(* There exists a super-core of some non-shrinking function $f:\{0,1\}^n\to\{0,1\}^{m(n)}$ (i.e. $m(n)\ge n$ for all $n$) computable by polynomial-size circuits if and only if there exists a super-bit $g:\{0,1\}^n\to\{0,1\}^{n+1}$.
   Context: $U_k$ is uniform on $\{0,1\}^k$. A generator $g:\{0,1\}^n\to\{0,1\}^{n+1}$ computable by polynomial-size circuits is a super-bit if for every nondeterministic polynomial-size circuit family $D$ (accepting iff some witness gives output 1), every polynomial $p$ and all sufficiently large $n$, $\Pr[D(U_{n+1})=1]-\Pr[D(g(U_n))=1]<1/p(n)$. A predicate $b$ computable by polynomial-size circuits is a super-core of $f:\{0,1\}^n\to\{0,1\}^{m(n)}$ if there do not exist a nondeterministic polynomial-size circuit family $\mathcal{A}_1$, a co-nondeterministic polynomial-size circuit family $\mathcal{A}_2$ (rejecting iff some witness gives output 0), a polynomial $p$ and infinitely many $n$ such that either $\Pr_{x\in\{0,1\}^n}[\mathcal{A}_1(f(x),1^n)=b(x)=0]+\tfrac12\Pr_{y\in\{0,1\}^{m(n)}}[\mathcal{A}_1(y,1^n)=1]\ge \tfrac12+\tfrac1{p(n)}$ or $\Pr_{x}[\mathcal{A}_2(f(x),1^n)=b(x)=1]+\tfrac12\Pr_{y}[\mathcal{A}_2(y,1^n)=0]\ge \tfrac12+\tfrac1{p(n)}$. *)

theory Defs
  imports Main "HOL-Computational_Algebra.Polynomial"
begin

text \<open>Bit strings are boolean lists. A circuit is a list of gates (each gate may read
an input bit or previously computed wires) plus a list of output wires.\<close>

datatype gate = Input nat | Const bool | NotG nat | AndG nat nat | OrG nat nat

record circuit =
  gates :: "gate list"
  outs :: "nat list"

definition wire :: "bool list \<Rightarrow> nat \<Rightarrow> bool" where
  "wire vs i = (if i < length vs then vs ! i else False)"

fun gate_val :: "bool list \<Rightarrow> bool list \<Rightarrow> gate \<Rightarrow> bool" where
  "gate_val x vs (Input i) = wire x i"
| "gate_val x vs (Const c) = c"
| "gate_val x vs (NotG i) = (\<not> wire vs i)"
| "gate_val x vs (AndG i j) = (wire vs i \<and> wire vs j)"
| "gate_val x vs (OrG i j) = (wire vs i \<or> wire vs j)"

definition circ_eval :: "circuit \<Rightarrow> bool list \<Rightarrow> bool list" where
  "circ_eval C x =
     (let vs = foldl (\<lambda>vs g. vs @ [gate_val x vs g]) [] (gates C)
      in map (wire vs) (outs C))"

definition circ_size :: "circuit \<Rightarrow> nat" where
  "circ_size C = length (gates C) + length (outs C)"

text \<open>Polynomials used as bounds: real polynomials with positive leading coefficient
(so that they are eventually positive).\<close>

definition pos_poly :: "real poly \<Rightarrow> bool" where
  "pos_poly p \<longleftrightarrow> lead_coeff p > 0"

definition poly_size_family :: "(nat \<Rightarrow> circuit) \<Rightarrow> bool" where
  "poly_size_family C \<longleftrightarrow> (\<exists>p. \<forall>n. real (circ_size (C n)) \<le> poly p (real n))"

definition poly_computable :: "(bool list \<Rightarrow> bool list) \<Rightarrow> bool" where
  "poly_computable f \<longleftrightarrow> (\<exists>C. poly_size_family C \<and>
      (\<forall>n x. length x = n \<longrightarrow> circ_eval (C n) x = f x))"

definition poly_computable_pred :: "(bool list \<Rightarrow> bool) \<Rightarrow> bool" where
  "poly_computable_pred b \<longleftrightarrow> poly_computable (\<lambda>x. [b x])"

text \<open>A (co-)nondeterministic circuit is a circuit together with a witness length l;
it is run on input y @ w for witnesses w of length l, and outputs 1 iff its output is [True].\<close>

definition out1 :: "circuit \<Rightarrow> bool list \<Rightarrow> bool" where
  "out1 C z \<longleftrightarrow> circ_eval C z = [True]"

definition nd_accepts :: "circuit \<times> nat \<Rightarrow> bool list \<Rightarrow> bool" where
  "nd_accepts D y \<longleftrightarrow> (\<exists>w. length w = snd D \<and> out1 (fst D) (y @ w))"

definition cond_accepts :: "circuit \<times> nat \<Rightarrow> bool list \<Rightarrow> bool" where
  "cond_accepts D y \<longleftrightarrow> (\<forall>w. length w = snd D \<longrightarrow> out1 (fst D) (y @ w))"

definition poly_size_nd_family :: "(nat \<Rightarrow> circuit \<times> nat) \<Rightarrow> bool" where
  "poly_size_nd_family D \<longleftrightarrow>
     (\<exists>p. \<forall>n. real (circ_size (fst (D n)) + snd (D n)) \<le> poly p (real n))"

definition Pr :: "nat \<Rightarrow> (bool list \<Rightarrow> bool) \<Rightarrow> real" where
  "Pr k P = real (card {x. length x = k \<and> P x}) / 2 ^ k"

definition super_bit :: "(bool list \<Rightarrow> bool list) \<Rightarrow> bool" where
  "super_bit g \<longleftrightarrow>
     (\<forall>x. length (g x) = Suc (length x)) \<and> poly_computable g \<and>
     (\<forall>D p. poly_size_nd_family D \<and> pos_poly p \<longrightarrow>
        (\<forall>\<^sub>F n in sequentially.
           Pr (Suc n) (\<lambda>y. nd_accepts (D n) y) - Pr n (\<lambda>x. nd_accepts (D n) (g x))
             < 1 / poly p (real n)))"

definition super_core ::
  "(bool list \<Rightarrow> bool) \<Rightarrow> (bool list \<Rightarrow> bool list) \<Rightarrow> (nat \<Rightarrow> nat) \<Rightarrow> bool" where
  "super_core b f m \<longleftrightarrow> poly_computable_pred b \<and>
     \<not> (\<exists>A1 A2 p. poly_size_nd_family A1 \<and> poly_size_nd_family A2 \<and> pos_poly p \<and>
          (\<exists>\<^sub>F n in sequentially.
             Pr n (\<lambda>x. \<not> nd_accepts (A1 n) (f x @ replicate n True) \<and> \<not> b x)
               + 1/2 * Pr (m n) (\<lambda>y. nd_accepts (A1 n) (y @ replicate n True))
               \<ge> 1/2 + 1 / poly p (real n)
           \<or> Pr n (\<lambda>x. cond_accepts (A2 n) (f x @ replicate n True) \<and> b x)
               + 1/2 * Pr (m n) (\<lambda>y. \<not> cond_accepts (A2 n) (y @ replicate n True))
               \<ge> 1/2 + 1 / poly p (real n)))"

end

theory Submission
  imports Defs
begin

text \<open>Both directions rest on one counting identity. Write a string of length \<open>n + 1\<close> as \<open>y @ [c]\<close>
  and let \<open>g x = f x @ [b x]\<close>. For any test \<open>d\<close>, put \<open>a\<^sub>c y = d (y @ [c])\<close>; then the two
  super-core quantities of \<open>a\<^sub>0\<close> (against \<open>b = 0\<close>) and of \<open>a\<^sub>1\<close> (against \<open>b = 1\<close>) add up to
  \<open>1 + advantage g n d\<close>, where \<open>advantage g n d = Pr[d(U\<^bsub>n+1\<^esub>)] - Pr[d(g(U\<^bsub>n\<^esub>))]\<close>. Given a super-bit \<open>g\<close>, an attack \<open>a\<close> on the core
  \<open>b = last \<circ> g\<close> of \<open>f = butlast \<circ> g\<close> is turned into the nondeterministic test
  \<open>d (y @ [c']) = (c' \<noteq> c \<or> a y)\<close>, whose other half contributes exactly \<open>1/2\<close>; so the gain of
  \<open>a\<close> beyond \<open>1/2\<close> equals the advantage of \<open>d\<close>. Conversely, given a super-core \<open>b\<close> of a
  non-shrinking \<open>f\<close>, the generator \<open>x \<mapsto> take n (f x) @ [b x]\<close> is a super-bit: a distinguisher
  \<open>d\<close> yields the attacks \<open>a\<^sub>0\<close> (nondeterministic) and \<open>\<not> a\<^sub>1\<close> (co-nondeterministic), one of which
  gains at least half the advantage.\<close>

section \<open>Circuit constructions\<close>

definition wires :: "gate list \<Rightarrow> bool list \<Rightarrow> bool list" where
  "wires gs x = foldl (\<lambda>vs g. vs @ [gate_val x vs g]) [] gs"

lemma wires_append: "wires (gs @ hs) x = foldl (\<lambda>vs g. vs @ [gate_val x vs g]) (wires gs x) hs"
  by (simp add: wires_def)

lemma wires_Nil [simp]: "wires [] x = []"
  by (simp add: wires_def)

lemma wires_snoc [simp]: "wires (gs @ [g]) x = wires gs x @ [gate_val x (wires gs x) g]"
  by (simp add: wires_append)

lemma length_wires [simp]: "length (wires gs x) = length gs"
  by (induction gs rule: rev_induct) auto

lemma circ_eval_wires: "circ_eval C x = map (wire (wires (gates C) x)) (outs C)"
  by (simp add: circ_eval_def wires_def)

lemma wire_append: "wire (xs @ ys) i = (if i < length xs then wire xs i else wire ys (i - length xs))"
  by (auto simp: wire_def nth_append)

lemma out1_iff_wires: "out1 C z \<longleftrightarrow> (\<exists>q. outs C = [q] \<and> wire (wires (gates C) z) q)"
  unfolding out1_def circ_eval_wires by (cases "outs C" rule: remdups_adj.cases) auto

lemma circ_eval_update_outs: "circ_eval (C\<lparr>outs := os\<rparr>) x = map (wire (wires (gates C) x)) os"
  by (simp add: circ_eval_wires)

definition copy_gate :: "bool \<Rightarrow> nat \<Rightarrow> gate" where
  "copy_gate neg i = (if neg then NotG i else AndG i i)"

lemma gate_val_copy_gate [simp]: "gate_val x vs (copy_gate neg i) = (neg \<noteq> wire vs i)"
  by (simp add: copy_gate_def)

definition output_gate :: "bool \<Rightarrow> circuit \<Rightarrow> gate" where
  "output_gate neg C = (case outs C of [q] \<Rightarrow> copy_gate neg q | _ \<Rightarrow> Const neg)"

lemma gate_val_output_gate [simp]:
  "gate_val x (wires (gates C) z) (output_gate neg C) = (neg \<noteq> out1 C z)"
  unfolding out1_iff_wires output_gate_def
  by (cases "outs C" rule: remdups_adj.cases) auto

definition negate :: "circuit \<Rightarrow> circuit" where
  "negate C = \<lparr>gates = gates C @ [output_gate True C], outs = [length (gates C)]\<rparr>"

lemma out1_negate [simp]: "out1 (negate C) z = (\<not> out1 C z)"
  by (simp add: negate_def out1_def circ_eval_wires wire_def nth_append)

lemma circ_size_negate: "circ_size (negate C) \<le> circ_size C + 2"
  by (simp add: negate_def circ_size_def)

definition or_input :: "bool \<Rightarrow> nat \<Rightarrow> circuit \<Rightarrow> circuit" where
  "or_input neg j C = (let k = length (gates C) in
     \<lparr>gates = gates C @ [output_gate False C, Input j, copy_gate neg (k + 1), OrG k (k + 2)],
      outs = [k + 3]\<rparr>)"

§ **Exercise prompt**
Each line above from the one with "x) = length" up to and including the one with "< length xs" must be set down exactly, and no line outside that span may appear.

§ **Output below**
lemma length_wires [simp]: "length (wires gs x) = length gs"
  by (induction gs rule: rev_induct) auto

lemma circ_eval_wires: "circ_eval C x = map (wire (wires (gates C) x)) (outs C)"
  by (simp add: circ_eval_def wires_def)

lemma wire_append: "wire (xs @ ys) i = (if i < length xs then wire xs i else wire ys (i - length xs))"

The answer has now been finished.